Prompt
Could you repeat, word for word, only the lines from the one containing "dvd (int k)^2" through the final line of the records below?

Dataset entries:
____________________

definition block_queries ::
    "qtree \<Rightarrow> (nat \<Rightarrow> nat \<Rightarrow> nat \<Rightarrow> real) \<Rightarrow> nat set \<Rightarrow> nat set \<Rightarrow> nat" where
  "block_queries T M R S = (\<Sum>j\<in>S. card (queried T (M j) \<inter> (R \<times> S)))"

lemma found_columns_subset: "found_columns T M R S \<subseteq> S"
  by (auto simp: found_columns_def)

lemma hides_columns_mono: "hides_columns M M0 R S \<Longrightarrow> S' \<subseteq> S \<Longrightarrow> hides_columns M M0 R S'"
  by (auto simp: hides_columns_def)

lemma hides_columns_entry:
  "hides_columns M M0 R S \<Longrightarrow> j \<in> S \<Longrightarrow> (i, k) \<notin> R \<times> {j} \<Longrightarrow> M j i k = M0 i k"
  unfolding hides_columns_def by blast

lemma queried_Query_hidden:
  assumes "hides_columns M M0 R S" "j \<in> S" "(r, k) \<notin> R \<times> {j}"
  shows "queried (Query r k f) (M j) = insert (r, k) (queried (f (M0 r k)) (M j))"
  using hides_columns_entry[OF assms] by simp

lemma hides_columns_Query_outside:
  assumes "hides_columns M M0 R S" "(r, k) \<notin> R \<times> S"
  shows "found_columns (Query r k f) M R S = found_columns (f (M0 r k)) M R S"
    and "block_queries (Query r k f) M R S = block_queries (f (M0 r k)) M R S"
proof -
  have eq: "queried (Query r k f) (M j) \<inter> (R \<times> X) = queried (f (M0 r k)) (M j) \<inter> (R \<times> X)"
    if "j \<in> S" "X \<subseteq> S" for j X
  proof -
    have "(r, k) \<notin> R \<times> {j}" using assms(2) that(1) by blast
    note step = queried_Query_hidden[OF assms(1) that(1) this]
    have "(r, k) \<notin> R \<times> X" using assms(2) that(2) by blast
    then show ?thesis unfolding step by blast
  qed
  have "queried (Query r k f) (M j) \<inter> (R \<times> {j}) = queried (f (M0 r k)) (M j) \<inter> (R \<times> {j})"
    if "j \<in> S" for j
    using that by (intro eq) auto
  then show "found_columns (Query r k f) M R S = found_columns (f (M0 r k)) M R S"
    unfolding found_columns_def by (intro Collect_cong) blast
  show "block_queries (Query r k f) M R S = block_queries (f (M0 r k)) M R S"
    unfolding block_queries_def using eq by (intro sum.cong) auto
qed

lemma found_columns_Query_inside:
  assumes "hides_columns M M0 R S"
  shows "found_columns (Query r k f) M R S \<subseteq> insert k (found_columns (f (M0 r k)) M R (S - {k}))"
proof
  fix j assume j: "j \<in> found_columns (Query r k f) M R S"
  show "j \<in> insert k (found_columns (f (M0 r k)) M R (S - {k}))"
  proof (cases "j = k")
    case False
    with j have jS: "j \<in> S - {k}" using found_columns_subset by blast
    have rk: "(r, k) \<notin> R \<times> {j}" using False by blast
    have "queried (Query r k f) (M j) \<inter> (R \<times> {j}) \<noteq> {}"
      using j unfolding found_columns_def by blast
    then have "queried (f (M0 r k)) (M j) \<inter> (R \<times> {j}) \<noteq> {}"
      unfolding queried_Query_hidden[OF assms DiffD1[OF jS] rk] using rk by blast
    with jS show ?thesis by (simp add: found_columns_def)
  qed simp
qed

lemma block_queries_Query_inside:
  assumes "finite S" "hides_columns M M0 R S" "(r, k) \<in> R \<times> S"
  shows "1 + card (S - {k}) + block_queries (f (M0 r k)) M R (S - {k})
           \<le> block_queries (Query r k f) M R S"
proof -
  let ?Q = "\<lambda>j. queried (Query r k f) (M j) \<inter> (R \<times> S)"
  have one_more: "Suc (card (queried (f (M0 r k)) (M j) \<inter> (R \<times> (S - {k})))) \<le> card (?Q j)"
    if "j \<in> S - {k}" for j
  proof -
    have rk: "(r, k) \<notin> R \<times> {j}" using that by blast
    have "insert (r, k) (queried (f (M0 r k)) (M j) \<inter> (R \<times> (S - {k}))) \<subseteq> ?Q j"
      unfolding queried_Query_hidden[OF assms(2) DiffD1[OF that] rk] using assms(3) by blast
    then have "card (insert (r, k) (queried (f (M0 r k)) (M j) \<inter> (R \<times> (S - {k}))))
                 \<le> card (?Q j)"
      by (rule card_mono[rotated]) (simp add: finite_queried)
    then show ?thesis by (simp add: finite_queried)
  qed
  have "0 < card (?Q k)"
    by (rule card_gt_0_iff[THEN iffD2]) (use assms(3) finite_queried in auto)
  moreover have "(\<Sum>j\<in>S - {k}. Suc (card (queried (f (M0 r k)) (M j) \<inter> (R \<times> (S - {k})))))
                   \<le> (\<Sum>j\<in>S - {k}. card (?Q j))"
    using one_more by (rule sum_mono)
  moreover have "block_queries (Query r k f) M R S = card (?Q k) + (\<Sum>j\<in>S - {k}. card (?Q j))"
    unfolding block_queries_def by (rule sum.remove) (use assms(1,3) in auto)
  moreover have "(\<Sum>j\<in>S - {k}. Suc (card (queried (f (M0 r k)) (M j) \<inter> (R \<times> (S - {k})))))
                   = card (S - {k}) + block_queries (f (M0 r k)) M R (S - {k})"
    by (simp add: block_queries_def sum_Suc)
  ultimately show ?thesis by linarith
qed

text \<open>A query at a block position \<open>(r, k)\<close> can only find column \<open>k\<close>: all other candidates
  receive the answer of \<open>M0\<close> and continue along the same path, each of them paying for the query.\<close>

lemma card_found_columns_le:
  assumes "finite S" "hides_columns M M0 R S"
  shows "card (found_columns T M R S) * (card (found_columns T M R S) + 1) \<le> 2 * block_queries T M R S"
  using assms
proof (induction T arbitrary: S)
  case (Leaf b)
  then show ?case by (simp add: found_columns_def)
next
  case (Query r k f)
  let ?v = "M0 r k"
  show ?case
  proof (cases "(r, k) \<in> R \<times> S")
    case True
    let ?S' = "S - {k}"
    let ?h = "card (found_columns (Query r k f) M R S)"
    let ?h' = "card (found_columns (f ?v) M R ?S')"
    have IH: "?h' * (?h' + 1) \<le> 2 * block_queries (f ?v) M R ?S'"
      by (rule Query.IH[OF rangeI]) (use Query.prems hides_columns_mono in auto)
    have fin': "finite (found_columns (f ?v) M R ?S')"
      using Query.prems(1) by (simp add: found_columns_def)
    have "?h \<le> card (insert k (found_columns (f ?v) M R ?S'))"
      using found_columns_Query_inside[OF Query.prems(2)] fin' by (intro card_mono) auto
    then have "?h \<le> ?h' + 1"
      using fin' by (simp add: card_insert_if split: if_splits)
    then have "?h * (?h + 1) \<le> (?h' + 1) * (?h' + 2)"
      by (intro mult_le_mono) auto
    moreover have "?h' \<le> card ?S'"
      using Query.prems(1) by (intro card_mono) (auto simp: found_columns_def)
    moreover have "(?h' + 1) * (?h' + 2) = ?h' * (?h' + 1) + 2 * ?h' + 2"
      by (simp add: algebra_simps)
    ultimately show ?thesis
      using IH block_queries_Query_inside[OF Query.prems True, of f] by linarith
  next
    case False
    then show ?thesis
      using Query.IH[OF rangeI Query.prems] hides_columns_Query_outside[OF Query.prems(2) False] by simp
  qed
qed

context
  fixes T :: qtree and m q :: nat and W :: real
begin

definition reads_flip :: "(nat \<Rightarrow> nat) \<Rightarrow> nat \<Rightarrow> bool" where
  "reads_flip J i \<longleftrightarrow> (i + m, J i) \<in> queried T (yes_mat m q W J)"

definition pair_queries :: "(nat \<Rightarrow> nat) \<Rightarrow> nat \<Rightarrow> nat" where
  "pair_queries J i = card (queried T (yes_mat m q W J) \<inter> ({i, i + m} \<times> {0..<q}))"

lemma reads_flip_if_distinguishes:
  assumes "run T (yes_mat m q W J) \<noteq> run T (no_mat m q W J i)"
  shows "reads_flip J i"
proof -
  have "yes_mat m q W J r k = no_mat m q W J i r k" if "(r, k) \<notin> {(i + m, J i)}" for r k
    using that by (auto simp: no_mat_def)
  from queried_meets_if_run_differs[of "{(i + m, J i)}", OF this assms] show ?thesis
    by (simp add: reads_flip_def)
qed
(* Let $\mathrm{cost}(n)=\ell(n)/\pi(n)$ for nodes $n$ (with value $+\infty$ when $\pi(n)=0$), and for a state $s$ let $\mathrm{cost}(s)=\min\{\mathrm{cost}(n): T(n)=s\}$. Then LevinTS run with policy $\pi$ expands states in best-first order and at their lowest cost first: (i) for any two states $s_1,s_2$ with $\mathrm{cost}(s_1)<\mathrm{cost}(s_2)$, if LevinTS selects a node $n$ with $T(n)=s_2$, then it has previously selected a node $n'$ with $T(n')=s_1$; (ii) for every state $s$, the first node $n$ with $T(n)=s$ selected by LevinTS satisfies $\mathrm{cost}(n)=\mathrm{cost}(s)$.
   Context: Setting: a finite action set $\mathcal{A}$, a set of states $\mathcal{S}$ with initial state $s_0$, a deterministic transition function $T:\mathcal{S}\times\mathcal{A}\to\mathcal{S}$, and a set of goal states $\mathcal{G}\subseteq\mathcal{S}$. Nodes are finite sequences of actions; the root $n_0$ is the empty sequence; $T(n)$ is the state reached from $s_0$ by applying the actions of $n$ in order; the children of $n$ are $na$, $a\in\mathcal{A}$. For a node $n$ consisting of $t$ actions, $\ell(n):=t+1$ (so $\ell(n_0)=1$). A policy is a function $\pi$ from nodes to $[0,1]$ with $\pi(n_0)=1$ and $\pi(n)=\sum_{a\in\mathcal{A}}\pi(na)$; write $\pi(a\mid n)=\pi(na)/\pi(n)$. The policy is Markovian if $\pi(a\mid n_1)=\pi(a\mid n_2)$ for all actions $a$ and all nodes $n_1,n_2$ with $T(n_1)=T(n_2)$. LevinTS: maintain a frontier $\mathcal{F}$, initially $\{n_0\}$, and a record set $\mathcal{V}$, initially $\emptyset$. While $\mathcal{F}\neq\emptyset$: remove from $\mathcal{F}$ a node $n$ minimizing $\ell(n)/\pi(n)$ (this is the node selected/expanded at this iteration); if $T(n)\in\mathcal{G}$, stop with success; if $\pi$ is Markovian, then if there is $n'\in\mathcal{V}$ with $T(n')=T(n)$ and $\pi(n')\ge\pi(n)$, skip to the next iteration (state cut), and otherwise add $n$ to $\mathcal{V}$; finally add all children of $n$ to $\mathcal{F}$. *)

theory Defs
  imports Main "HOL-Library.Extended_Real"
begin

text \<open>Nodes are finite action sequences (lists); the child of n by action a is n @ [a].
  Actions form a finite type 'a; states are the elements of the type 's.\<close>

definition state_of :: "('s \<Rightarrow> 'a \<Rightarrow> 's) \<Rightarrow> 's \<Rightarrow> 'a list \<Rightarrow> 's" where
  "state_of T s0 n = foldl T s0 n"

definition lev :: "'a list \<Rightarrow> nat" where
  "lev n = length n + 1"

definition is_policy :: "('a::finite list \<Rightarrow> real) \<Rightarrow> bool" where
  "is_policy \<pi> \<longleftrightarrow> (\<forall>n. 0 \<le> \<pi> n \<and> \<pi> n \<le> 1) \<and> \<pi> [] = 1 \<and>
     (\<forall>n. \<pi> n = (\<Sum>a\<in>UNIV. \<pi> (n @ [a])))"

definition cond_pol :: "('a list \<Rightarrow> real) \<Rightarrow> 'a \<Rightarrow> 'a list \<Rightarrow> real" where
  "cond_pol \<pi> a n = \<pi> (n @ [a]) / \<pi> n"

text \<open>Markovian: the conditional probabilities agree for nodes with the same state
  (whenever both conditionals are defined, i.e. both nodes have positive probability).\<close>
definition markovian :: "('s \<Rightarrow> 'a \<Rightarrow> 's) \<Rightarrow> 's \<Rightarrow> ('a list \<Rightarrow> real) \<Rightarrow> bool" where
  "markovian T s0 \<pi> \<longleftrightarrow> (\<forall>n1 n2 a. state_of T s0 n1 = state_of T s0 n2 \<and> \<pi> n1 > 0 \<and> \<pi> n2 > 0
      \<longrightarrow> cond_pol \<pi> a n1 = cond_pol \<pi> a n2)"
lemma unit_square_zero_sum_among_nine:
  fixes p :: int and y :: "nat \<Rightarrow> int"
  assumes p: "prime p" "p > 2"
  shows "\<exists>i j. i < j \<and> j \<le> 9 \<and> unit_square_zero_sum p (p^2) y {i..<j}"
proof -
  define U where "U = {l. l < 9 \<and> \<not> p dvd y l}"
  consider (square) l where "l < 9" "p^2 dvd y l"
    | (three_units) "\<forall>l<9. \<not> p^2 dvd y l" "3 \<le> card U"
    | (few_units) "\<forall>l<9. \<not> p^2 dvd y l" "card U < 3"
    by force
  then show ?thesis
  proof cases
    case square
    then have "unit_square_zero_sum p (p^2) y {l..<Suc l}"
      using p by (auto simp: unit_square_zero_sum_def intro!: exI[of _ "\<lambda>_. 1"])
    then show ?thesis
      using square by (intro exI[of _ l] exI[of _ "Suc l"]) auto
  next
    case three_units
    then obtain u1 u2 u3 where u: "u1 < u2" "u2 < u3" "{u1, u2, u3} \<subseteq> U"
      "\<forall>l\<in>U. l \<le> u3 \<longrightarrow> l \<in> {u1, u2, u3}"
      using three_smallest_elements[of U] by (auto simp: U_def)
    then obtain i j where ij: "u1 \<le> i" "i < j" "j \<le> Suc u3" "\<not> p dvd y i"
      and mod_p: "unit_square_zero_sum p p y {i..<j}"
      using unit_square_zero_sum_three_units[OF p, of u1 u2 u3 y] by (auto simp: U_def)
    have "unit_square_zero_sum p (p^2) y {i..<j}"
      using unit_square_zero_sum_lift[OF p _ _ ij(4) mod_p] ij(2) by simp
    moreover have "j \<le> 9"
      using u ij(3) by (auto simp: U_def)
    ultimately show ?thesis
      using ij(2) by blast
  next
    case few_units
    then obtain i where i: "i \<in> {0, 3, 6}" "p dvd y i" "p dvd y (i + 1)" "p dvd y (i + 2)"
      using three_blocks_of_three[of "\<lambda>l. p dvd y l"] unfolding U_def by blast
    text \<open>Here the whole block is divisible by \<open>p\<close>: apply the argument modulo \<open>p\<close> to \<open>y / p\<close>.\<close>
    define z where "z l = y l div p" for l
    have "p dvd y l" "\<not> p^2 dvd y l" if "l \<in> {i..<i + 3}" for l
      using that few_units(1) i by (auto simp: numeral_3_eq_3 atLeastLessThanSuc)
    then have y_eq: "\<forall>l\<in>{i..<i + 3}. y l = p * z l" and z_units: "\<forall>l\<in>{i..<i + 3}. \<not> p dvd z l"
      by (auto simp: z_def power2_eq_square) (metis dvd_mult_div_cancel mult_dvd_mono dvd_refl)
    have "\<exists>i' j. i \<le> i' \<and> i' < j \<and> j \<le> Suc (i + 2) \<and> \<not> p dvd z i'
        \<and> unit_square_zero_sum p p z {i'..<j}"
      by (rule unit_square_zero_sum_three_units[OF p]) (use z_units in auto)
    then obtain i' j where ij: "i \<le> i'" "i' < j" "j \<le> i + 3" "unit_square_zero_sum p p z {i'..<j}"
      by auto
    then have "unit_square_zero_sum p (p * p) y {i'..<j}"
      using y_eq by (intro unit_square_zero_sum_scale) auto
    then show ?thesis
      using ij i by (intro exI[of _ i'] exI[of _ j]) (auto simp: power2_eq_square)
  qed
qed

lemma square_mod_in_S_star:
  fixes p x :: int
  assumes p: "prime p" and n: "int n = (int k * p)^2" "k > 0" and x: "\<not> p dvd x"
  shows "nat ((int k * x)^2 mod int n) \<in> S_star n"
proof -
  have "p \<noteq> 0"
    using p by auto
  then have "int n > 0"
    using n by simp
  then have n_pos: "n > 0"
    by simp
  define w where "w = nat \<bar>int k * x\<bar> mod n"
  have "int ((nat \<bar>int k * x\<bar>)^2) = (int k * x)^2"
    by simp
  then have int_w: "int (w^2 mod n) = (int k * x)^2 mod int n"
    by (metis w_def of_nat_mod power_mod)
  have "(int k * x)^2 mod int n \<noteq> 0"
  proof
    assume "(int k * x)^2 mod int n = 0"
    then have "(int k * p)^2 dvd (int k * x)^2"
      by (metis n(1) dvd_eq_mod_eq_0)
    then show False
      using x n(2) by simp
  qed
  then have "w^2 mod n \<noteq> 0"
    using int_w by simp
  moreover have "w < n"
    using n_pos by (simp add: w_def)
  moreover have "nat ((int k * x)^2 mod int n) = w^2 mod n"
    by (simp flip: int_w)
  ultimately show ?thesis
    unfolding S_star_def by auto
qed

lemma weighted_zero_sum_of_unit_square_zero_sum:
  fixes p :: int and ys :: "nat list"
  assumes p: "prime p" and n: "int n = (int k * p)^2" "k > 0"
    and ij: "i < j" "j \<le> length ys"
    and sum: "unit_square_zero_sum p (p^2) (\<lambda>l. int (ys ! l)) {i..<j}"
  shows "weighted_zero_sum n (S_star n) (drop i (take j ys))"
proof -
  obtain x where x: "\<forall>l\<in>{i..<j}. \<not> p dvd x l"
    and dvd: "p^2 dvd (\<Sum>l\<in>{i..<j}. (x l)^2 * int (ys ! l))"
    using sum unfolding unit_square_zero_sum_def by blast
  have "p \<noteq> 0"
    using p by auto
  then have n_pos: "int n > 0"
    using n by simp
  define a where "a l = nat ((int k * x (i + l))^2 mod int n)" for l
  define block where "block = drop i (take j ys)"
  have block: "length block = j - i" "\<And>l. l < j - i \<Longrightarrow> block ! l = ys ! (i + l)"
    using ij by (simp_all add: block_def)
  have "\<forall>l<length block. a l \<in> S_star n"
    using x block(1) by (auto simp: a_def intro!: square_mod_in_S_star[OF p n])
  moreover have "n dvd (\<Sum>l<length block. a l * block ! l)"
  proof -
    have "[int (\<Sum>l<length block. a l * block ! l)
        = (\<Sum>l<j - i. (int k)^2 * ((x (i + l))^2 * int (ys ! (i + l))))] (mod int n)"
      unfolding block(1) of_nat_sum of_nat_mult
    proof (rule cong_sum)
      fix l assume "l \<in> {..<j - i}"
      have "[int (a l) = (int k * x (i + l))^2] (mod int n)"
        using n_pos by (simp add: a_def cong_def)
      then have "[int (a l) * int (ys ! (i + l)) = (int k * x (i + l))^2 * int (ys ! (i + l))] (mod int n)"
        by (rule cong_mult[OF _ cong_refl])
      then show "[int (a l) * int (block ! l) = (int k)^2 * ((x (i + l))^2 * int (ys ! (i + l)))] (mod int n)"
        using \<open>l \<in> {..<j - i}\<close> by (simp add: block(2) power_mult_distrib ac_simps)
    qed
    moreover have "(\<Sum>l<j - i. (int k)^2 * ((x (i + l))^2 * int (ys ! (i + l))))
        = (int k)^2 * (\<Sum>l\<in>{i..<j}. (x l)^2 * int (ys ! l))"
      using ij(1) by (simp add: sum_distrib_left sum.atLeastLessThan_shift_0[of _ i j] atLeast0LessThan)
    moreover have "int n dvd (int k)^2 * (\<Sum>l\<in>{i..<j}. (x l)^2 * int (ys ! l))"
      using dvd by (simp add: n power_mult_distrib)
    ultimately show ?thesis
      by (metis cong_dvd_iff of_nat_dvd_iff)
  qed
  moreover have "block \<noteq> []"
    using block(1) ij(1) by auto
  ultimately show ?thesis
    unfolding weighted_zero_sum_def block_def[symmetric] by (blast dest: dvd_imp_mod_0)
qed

____________________

Exercise answer
    moreover have "int n dvd (int k)^2 * (\<Sum>l\<in>{i..<j}. (x l)^2 * int (ys ! l))"
      using dvd by (simp add: n power_mult_distrib)
    ultimately show ?thesis
      by (metis cong_dvd_iff of_nat_dvd_iff)
  qed
  moreover have "block \<noteq> []"
    using block(1) ij(1) by auto
  ultimately show ?thesis
    unfolding weighted_zero_sum_def block_def[symmetric] by (blast dest: dvd_imp_mod_0)
qed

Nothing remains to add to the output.